Opera may have taken some of the wind out of the Nokia brand with the news that its browser will be replacing Nokia’s on the now-Microsoft-owned, winding down, feature handset business. But today the Finnish company that has remained after the Microsoft handset sale had some interesting news of its own: it’s tying up with Samsung for two new versions of its Here mapping product, a free Android version coming first to Samsung’s Galaxy line of devices, and a Tizen version for Samsung’s Tizen-powered smart devices, specifically the Gear smartwatch.
Nokia says that Here app will be available on Samsung Galaxy devices exclusively. We have asked the company when it plans to make it available to other Android handsets and will update this as we learn more. (Update: there will be availability elsewhere, but no timeline when. “HERE for Android is part of our partnership with Samsung, but we aim to make HERE available to as many people as possible,” a Here spokesperson tells me, adding that it will be sometime “later this year.” Another spokesperson tells us that Here for Samsung Galaxy smartphones will be rolled out at the same time that the Gear S starts to retail — further strengthening the link between the two pieces of news and the functionality.

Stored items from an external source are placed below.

theorem lemma3:
  fixes N :: nat
    and f \<phi> :: "nat \<Rightarrow> real \<Rightarrow> real"
    and d xl xu :: "nat \<Rightarrow> real"
  assumes nonempty: "\<And>i. i \<in> {1..N} \<Longrightarrow> xl i \<le> xu i"
    and f_C1: "\<And>i. i \<in> {1..N} \<Longrightarrow> f i C1_differentiable_on UNIV"
    and phi_C1: "\<And>i. i \<in> {1..N} \<Longrightarrow> \<phi> i C1_differentiable_on UNIV"
    and f_strict_convex: "\<And>i. i \<in> {1..N} \<Longrightarrow> strict_convex_on {xl i..xu i} (f i)"
    and phi_convex: "\<And>i. i \<in> {1..N} \<Longrightarrow> convex_on {xl i..xu i} (\<phi> i)"
    and phi_deriv_lt1: "\<And>i x. i \<in> {1..N} \<Longrightarrow> x \<in> {xl i..xu i} \<Longrightarrow> deriv (\<phi> i) x < 1"
    and f_deriv_pos: "\<And>i x. i \<in> {1..N} \<Longrightarrow> x \<in> {xl i..xu i} \<Longrightarrow> deriv (f i) x > 0"
  shows "gm N f \<phi> d xl xu C1_differentiable_on UNIV \<and> concave_on UNIV (gm N f \<phi> d xl xu)"
proof -
  have component: "dual_component (f i) (\<phi> i) (xl i) (xu i)" if i: "i \<in> {1..N}" for i
    using nonempty f_strict_convex phi_convex phi_deriv_lt1 f_deriv_pos
      C1_differentiable_on_UNIV_deriv[OF f_C1] C1_differentiable_on_UNIV_deriv[OF phi_C1] i
    by unfold_locales (auto intro: continuous_on_subset[OF _ subset_UNIV])
  have gm_eq: "gm N f \<phi> d xl xu = (\<lambda>l. \<Sum>i\<in>{1..N}. local_lagr (f i) (\<phi> i) (d i) (xhat (f i) (\<phi> i) (xl i) (xu i) l) l)"
    by (simp add: fun_eq_iff gm_def)
  show ?thesis
    unfolding gm_eq using dual_component.dual_component_C1[OF component]
      dual_component.dual_component_concave[OF component]
    by (auto intro: C1_differentiable_on_sum concave_on_sum_functions)
qed

end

The new apps are coming at a key time for Samsung, which is trying more and more to differentiate itself from the rest of the Android pack — the world’s most popular mobile platform, but also the most widely-used by a variety of OEMs alongside Samsung — and create services that are unique to its devices alone.
Samsung is currently the world’s most popular maker of Android-based smartphones and other devices, but it has a lot of competition coming after it, from established competitors like LG to those like Xiaomi from China cleaning up in its home market and very clearly looking at growing more. At the same time, it’s looking for ways of driving more interest in its new wearable device — hence tying the functionality together to incentivize consumers to stay within the Samsung ecosystem.
Mapping has been one of the “killer apps” of the new age of mobile, with location-based services helping our always-on, always-present devices becoming companions for our everyday lives and the things we like and need to do, taking things like smartphones beyond basic functions like making voice calls and sending texts to others.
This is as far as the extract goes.